SÃO PAULO – O processo de reestruturação do Banco do Brasil (BB) na Europa já começou e deve ser concluído até 2012, afirmou ao Valor o diretor Internacional do BB, Admilson Monteiro Garcia. Segundo ele, somente neste ano, mais quatro praças europeias devem ser reestruturadas.

Até o projeto ser colocado em prática, o Banco do Brasil tinha 11 unidades operacionais no velho continente, que se dividiam entre escritórios, agências e subsidiárias.

Todas essas unidades eram administradas de maneira independente, com plataformas de tecnologia e processamento separadas, o que, na avaliação dos estrategistas do banco, era improdutivo e gerava despesas para a instituição.

“Isso multiplicava tarefas idênticas e gerava muitos custos”, analisou Garcia. Agora, a ideia do banco é centralizar a coordenação de todas as unidades sob a subsidiária integral do banco em Viena, o Banco do Brasil Viena AG.

“Teremos uma administração centralizada de toda a rede na Europa e as agências se focarão na realização de negócios”, acrescentou o executivo.

O BB Viena servirá, deste modo, como a “sede” da instituição no continente. A unidade foi criada em 1980, dentro de um plano de crescimento orgânico.

As vantagens, na época, se concentravam nas questões fiscais que o país oferecia neste tipo de operação, com o acordo de não bitributação entre a Áustria e o Brasil. Hoje, no entanto, as vantagens mais importantes são regulatórias.

De acordo com Garcia, quando o Banco do Brasil ligar todas as unidades na Europa, conseguirá adicionar os patrimônio líquidos (PL) delas ao da subsidiária de Viena. “Isso fará com que os reguladores passem a permitir maiores alavancagens nas operações da instituição, como um todo, no continente”, explicou o executivo.

Isso porque cada país tem um regulador que limita a um certo grau a alavancagem do PL para as grandes operações bancárias, como as sindicalizadas, que são realizadas em conjunto com outros bancos para o financiamento de grandes projetos. As unidades que têm baixo PL, portanto, perdem a liberdade de ampliar as operações.

“Com a reestruturação, vamos aumentar a capacidade de exposição ao risco Brasil, pois o PL das agências estará centralizado em Viena”, disse o diretor, citando o exemplo da agência de Milão que, no ano passado registrou PL de 45 milhões de euros e, com a integração com o BB Viena, aumentará sua capacidade de fazer negócios em dez vezes, como projeta o banco.

O Banco do Brasil deu o primeiro passo no caminho da reestruturação no segundo semestre do ano passado, quando transformou a agência de Lisboa em uma unidade de processamento de serviços, fazendo com que toda a estrutura do banco em Portugal se tornasse sucursal do BB Viena.

O BB Lisboa, deste modo, passou a centralizar todo o processamento do banco realizado na Europa. “Esta praça foi escolhida porque é a que tem o menor custo do continente e ainda tem a facilidade do idioma”, explicou Garcia.

A próxima unidade a ser reestruturada, ainda neste semestre, será a de Paris.
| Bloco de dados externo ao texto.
lemma nonzero_squares_nonzero: "x \<in> nonzero_squares \<Longrightarrow> (x::'a::field) \<noteq> 0"
  unfolding nonzero_squares_def by auto

lemma nonzero_squares_mult:
  assumes "x \<in> nonzero_squares" "y \<in> nonzero_squares"
  shows "(x::'a::field) * y \<in> nonzero_squares"
proof -
  obtain a b :: 'a where "a \<noteq> 0" "b \<noteq> 0" "x = a\<^sup>2" "y = b\<^sup>2"
    using assms unfolding nonzero_squares_def by blast
  then have "x * y = (a * b)\<^sup>2" "a * b \<noteq> 0" by (simp_all add: power_mult_distrib)
  then show ?thesis unfolding nonzero_squares_def by blast
qed

lemma nonzero_squares_divide:
  assumes "x \<in> nonzero_squares" "y \<in> nonzero_squares"
  shows "(x::'a::field) / y \<in> nonzero_squares"
proof -
  obtain a b :: 'a where "a \<noteq> 0" "b \<noteq> 0" "x = a\<^sup>2" "y = b\<^sup>2"
    using assms unfolding nonzero_squares_def by blast
  then have "x / y = (a / b)\<^sup>2" "a / b \<noteq> 0" by (simp_all add: power_divide)
  then show ?thesis unfolding nonzero_squares_def by blast
qed

lemma sq_iso_inj_on: "sq_iso phi v \<Longrightarrow> inj_on phi nonzero_squares"
  unfolding sq_iso_def bij_betw_def by blast

lemma sq_iso_range: "sq_iso phi v \<Longrightarrow> x \<in> nonzero_squares \<Longrightarrow> phi x \<in> {0..<int v}"
  unfolding sq_iso_def bij_betw_def by blast

lemma sq_iso_mult:
  "sq_iso phi v \<Longrightarrow> x \<in> nonzero_squares \<Longrightarrow> y \<in> nonzero_squares \<Longrightarrow>
     phi (x * y) = (phi x + phi y) mod int v"
  unfolding sq_iso_def by blast

lemma sq_iso_divide:
  fixes phi :: "'a::field \<Rightarrow> int"
  assumes iso: "sq_iso phi v" and x: "x \<in> nonzero_squares" and y: "y \<in> nonzero_squares"
  shows "phi (x / y) = (phi x - phi y) mod int v"
proof -
  have xy: "x / y \<in> nonzero_squares" using nonzero_squares_divide[OF x y] .
  have "phi x = phi (x / y * y)" using nonzero_squares_nonzero[OF y] by simp
  also have "\<dots> = (phi (x / y) + phi y) mod int v" using sq_iso_mult[OF iso xy y] .
  finally have "(phi x - phi y) mod int v = phi (x / y) mod int v"
    by (metis add_diff_cancel_right' mod_diff_left_eq)
  then show ?thesis using sq_iso_range[OF iso xy] by simp
qed

lemma sq_iso_diff_eq_iff:
  fixes phi :: "'a::field \<Rightarrow> int"
  assumes iso: "sq_iso phi v"
    and "x \<in> nonzero_squares" "y \<in> nonzero_squares" "x' \<in> nonzero_squares" "y' \<in> nonzero_squares"
  shows "(phi x - phi y) mod int v = (phi x' - phi y') mod int v \<longleftrightarrow> x / x' = y / y'"
proof -
  have "(phi x - phi y) mod int v = (phi x' - phi y') mod int v \<longleftrightarrow>
        (phi x - phi x') mod int v = (phi y - phi y') mod int v"
    unfolding mod_eq_dvd_iff by (simp add: algebra_simps)
  also have "\<dots> \<longleftrightarrow> phi (x / x') = phi (y / y')"
    using assms by (simp add: sq_iso_divide)
  also have "\<dots> \<longleftrightarrow> x / x' = y / y'"
    using assms by (simp add: inj_on_eq_iff[OF sq_iso_inj_on[OF iso]] nonzero_squares_divide)
  finally show ?thesis .
qed

lemma in_diff_mset_iff:
  fixes phi :: "'a::field \<Rightarrow> int"
  assumes iso: "sq_iso phi v" and B: "B \<subseteq> nonzero_squares" "finite B"
  shows "d \<in># diff_mset phi v B \<longleftrightarrow> (\<exists>a\<in>B. \<exists>b\<in>B. a \<noteq> b \<and> d = (phi a - phi b) mod int v)"
proof -
  have "finite {(a, b). a \<in> phi ` B \<and> b \<in> phi ` B \<and> a \<noteq> b}"
    by (rule finite_subset[of _ "phi ` B \<times> phi ` B"]) (use B in auto)
  then have "d \<in># diff_mset phi v B \<longleftrightarrow>
      (\<exists>a\<in>B. \<exists>b\<in>B. phi a \<noteq> phi b \<and> d = (phi a - phi b) mod int v)"
    unfolding diff_mset_def by auto
  moreover have "phi a \<noteq> phi b \<longleftrightarrow> a \<noteq> b" if "a \<in> B" "b \<in> B" for a b
    using that B inj_on_eq_iff[OF sq_iso_inj_on[OF iso]] by blast
  ultimately show ?thesis by blast
qed

lemma set_mset_diff_mset_scale:
  fixes phi :: "'a::field \<Rightarrow> int"
  assumes iso: "sq_iso phi v" and A: "A \<subseteq> nonzero_squares" "finite A"
    and t: "t \<in> nonzero_squares"
  shows "set_mset (diff_mset phi v ((\<lambda>x. x * t) ` A)) = set_mset (diff_mset phi v A)"
proof -
  have At: "(\<lambda>x. x * t) ` A \<subseteq> nonzero_squares"
    using A t nonzero_squares_mult by blast
  have "(phi (a * t) - phi (b * t)) mod int v = (phi a - phi b) mod int v"
    if "a \<in> A" "b \<in> A" for a b
    using that A t sq_iso_diff_eq_iff[OF iso, of "a * t" "b * t" a b]
    by (auto simp: nonzero_squares_mult nonzero_squares_nonzero)
  moreover have "a * t \<noteq> b * t \<longleftrightarrow> a \<noteq> b" for a b
    using nonzero_squares_nonzero[OF t] by simp
  ultimately show ?thesis
    using in_diff_mset_iff[OF iso At] in_diff_mset_iff[OF iso A] A(2)
    by (auto simp: set_eq_iff)
qed

lemma zero_sum_triple_eq:
  fixes a b :: "'a::comm_ring_1"
  assumes "card A = 3" "\<Sum>A = 0" "a \<in> A" "b \<in> A" "a \<noteq> b"
  shows "A = {a, b, -(a + b)}"
proof -
  have "card (A - {a, b}) = 1"
    using assms by (simp add: card_Diff_subset card.infinite)
  then obtain c where c: "A - {a, b} = {c}" by (meson card_1_singletonE)
  then have A: "A = {a, b, c}" and "c \<noteq> a" "c \<noteq> b" using assms by auto
  then have "(a + b) + c = 0" using assms(2,5) by (simp add: add.assoc)
  then have "c = -(a + b)" by (rule minus_unique[symmetric])
  then show ?thesis using A by simp
qed

lemma scale_zero_sum_triple:
  fixes t :: "'a::comm_ring_1"
  assumes A: "card A = 3" "\<Sum>A = 0" "a \<in> A" "b \<in> A" "a \<noteq> b"
    and B: "card B = 3" "\<Sum>B = 0" "a' \<in> B" "b' \<in> B" "a' \<noteq> b'"
    and "a' * t = a" "b' * t = b"
  shows "(\<lambda>x. x * t) ` B = A"
  using zero_sum_triple_eq[OF A] zero_sum_triple_eq[OF B] assms(11,12)
  by (simp add: left_diff_distrib)

lemma zero_sum_triples_share_diff_iff_equiv:
  fixes phi :: "'a::field \<Rightarrow> int"
  assumes iso: "sq_iso phi v"
    and A: "A \<subseteq> nonzero_squares" "card A = 3" "\<Sum>A = 0"
    and B: "B \<subseteq> nonzero_squares" "card B = 3" "\<Sum>B = 0"
  shows "\<not> disjnt (set_mset (diff_mset phi v A)) (set_mset (diff_mset phi v B)) \<longleftrightarrow> ruler_equiv A B"
proof
  have fin: "finite A" "finite B" using A(2) B(2) by (auto intro: card_ge_0_finite)
  assume "\<not> disjnt (set_mset (diff_mset phi v A)) (set_mset (diff_mset phi v B))"
  then obtain d where dA: "d \<in># diff_mset phi v A" and dB: "d \<in># diff_mset phi v B"
    unfolding disjnt_iff by blast
  obtain a b where ab: "a \<in> A" "b \<in> A" "a \<noteq> b" and d: "d = (phi a - phi b) mod int v"
    using dA in_diff_mset_iff[OF iso A(1) fin(1)] by blast
  obtain a' b' where ab': "a' \<in> B" "b' \<in> B" "a' \<noteq> b'" and d': "d = (phi a' - phi b') mod int v"
    using dB in_diff_mset_iff[OF iso B(1) fin(2)] by blast
  have t: "a' / a = b' / b"
    using d d' ab ab' A(1) B(1) sq_iso_diff_eq_iff[OF iso, of a' b' a b] by auto
  have "a \<noteq> 0" "b \<noteq> 0" using ab A(1) nonzero_squares_nonzero by blast+
  then have "a * (a' / a) = a'" "b * (a' / a) = b'" by (simp, simp add: t)
  then have "(\<lambda>x. x * (a' / a)) ` A = B"
    using scale_zero_sum_triple[OF B(2,3) ab' A(2,3) ab] by blast
  moreover have "a' / a \<noteq> 0"
    using ab(1) ab'(1) A(1) B(1) nonzero_squares_nonzero by (metis divide_eq_0_iff subsetD)
  ultimately show "ruler_equiv A B" unfolding ruler_equiv_def by blast
next
  have fin: "finite A" using A(2) by (auto intro: card_ge_0_finite)
  obtain a b where ab: "a \<in> A" "b \<in> A" "a \<noteq> b"
    using A(2) unfolding card_3_iff by blast
  assume "ruler_equiv A B"
  then obtain t where t: "t \<noteq> 0" "(\<lambda>x. x * t) ` A = B" unfolding ruler_equiv_def by blast
  have "a * t / a \<in> nonzero_squares"
    using ab(1) A(1) B(1) t(2) by (blast intro: nonzero_squares_divide)
  then have "t \<in> nonzero_squares" using ab(1) A(1) by (auto simp: nonzero_squares_nonzero)
  then have "set_mset (diff_mset phi v B) = set_mset (diff_mset phi v A)"
    unfolding t(2)[symmetric] by (rule set_mset_diff_mset_scale[OF iso A(1) fin])
  moreover have "(phi a - phi b) mod int v \<in># diff_mset phi v A"
    using in_diff_mset_iff[OF iso A(1) fin] ab by blast
  ultimately show "\<not> disjnt (set_mset (diff_mset phi v A)) (set_mset (diff_mset phi v B))"
    by (auto simp: disjnt_iff)
qed

lemma sum_nat_le_1_iff:
  fixes f :: "'b \<Rightarrow> nat"
  assumes "finite I"
  shows "sum f I \<le> 1 \<longleftrightarrow> (\<forall>i\<in>I. f i \<le> 1) \<and> (\<forall>i\<in>I. \<forall>j\<in>I. i \<noteq> j \<longrightarrow> f i = 0 \<or> f j = 0)"
proof
  assume le: "sum f I \<le> 1"
  have "f i \<le> 1" if "i \<in> I" for i
    using member_le_sum[of i I f] that assms le by simp
  moreover have "f i = 0 \<or> f j = 0" if "i \<in> I" "j \<in> I" "i \<noteq> j" for i j
  proof -
    have "f i + f j = sum f {i, j}" using that(3) by simp
    also have "\<dots> \<le> sum f I" using that by (intro sum_mono2[OF assms]) auto
    finally show ?thesis using le by linarith
  qed
  ultimately show "(\<forall>i\<in>I. f i \<le> 1) \<and> (\<forall>i\<in>I. \<forall>j\<in>I. i \<noteq> j \<longrightarrow> f i = 0 \<or> f j = 0)"
    by auto
next
  assume H: "(\<forall>i\<in>I. f i \<le> 1) \<and> (\<forall>i\<in>I. \<forall>j\<in>I. i \<noteq> j \<longrightarrow> f i = 0 \<or> f j = 0)"
  note le1 = H[THEN conjunct1] and excl = H[THEN conjunct2]
  show "sum f I \<le> 1"
  proof (cases "\<exists>i\<in>I. f i \<noteq> 0")
    case True
    then obtain i where i: "i \<in> I" "f i \<noteq> 0" by blast
    have "f j = 0" if "j \<in> I - {i}" for j
      using excl i that by auto
    then have "sum f (I - {i}) = 0" by simp
    then show ?thesis using sum.remove[OF assms i(1), of f] le1 i(1) by simp
  next
    case False
    then show ?thesis by simp
  qed
qed

lemma count_sum_le_1_iff:
  assumes "finite I"
  shows "(\<forall>d. count (\<Sum>i\<in>I. M i) d \<le> 1) \<longleftrightarrow>
    (\<forall>i\<in>I. \<forall>d. count (M i) d \<le> 1) \<and>
    (\<forall>i\<in>I. \<forall>j\<in>I. i \<noteq> j \<longrightarrow> disjnt (set_mset (M i)) (set_mset (M j)))"
proof -
  have iff: "count (\<Sum>i\<in>I. M i) d \<le> 1 \<longleftrightarrow> (\<forall>i\<in>I. count (M i) d \<le> 1) \<and>
      (\<forall>i\<in>I. \<forall>j\<in>I. i \<noteq> j \<longrightarrow> d \<notin># M i \<or> d \<notin># M j)" for d
    unfolding count_sum sum_nat_le_1_iff[OF assms] by (simp add: count_eq_zero_iff)
  show ?thesis unfolding iff disjnt_iff by blast
qed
Frankfurt, Milão, e Madrid, nesta ordem, também passarão pelo processo até o fim do ano.

“Para o cliente não muda nada, mas precisamos fazer tudo com calma, para consolidar a estruturação”, lembrou o executivo, enfatizando que a única agência que vai continuar BB S.A. será a de Londres, por questões da regulação britânica.

Garcia afirmou ainda que os planos da instituição também se estendem para o continente africano. Por lá, o objetivo do BB é crescer por meio da compra da participação em um banco, com a manutenção de um sócio local.

“Estamos avaliando e negociando com algumas instituições, mas não escolhemos o alvo ainda. No fim deste semestre deve ocorrer o fechamento do negócio”, adiantou o diretor ao Valor.

Ele enfatiza que a instituição quer dar suporte às grandes empresas brasileiras que atuam na África, além de aproveitar o crescente fluxo comercial entre os dois países.

A estratégia do Banco do Brasil de se lançar no exterior está traçada há mais de um ano. A instituição já afirmou que vai partir para os EUA por meio da compra de um banco, para atender à comunidade de brasileiros no país. Na Argentina, o BB buscará explorar o segmento corporativo.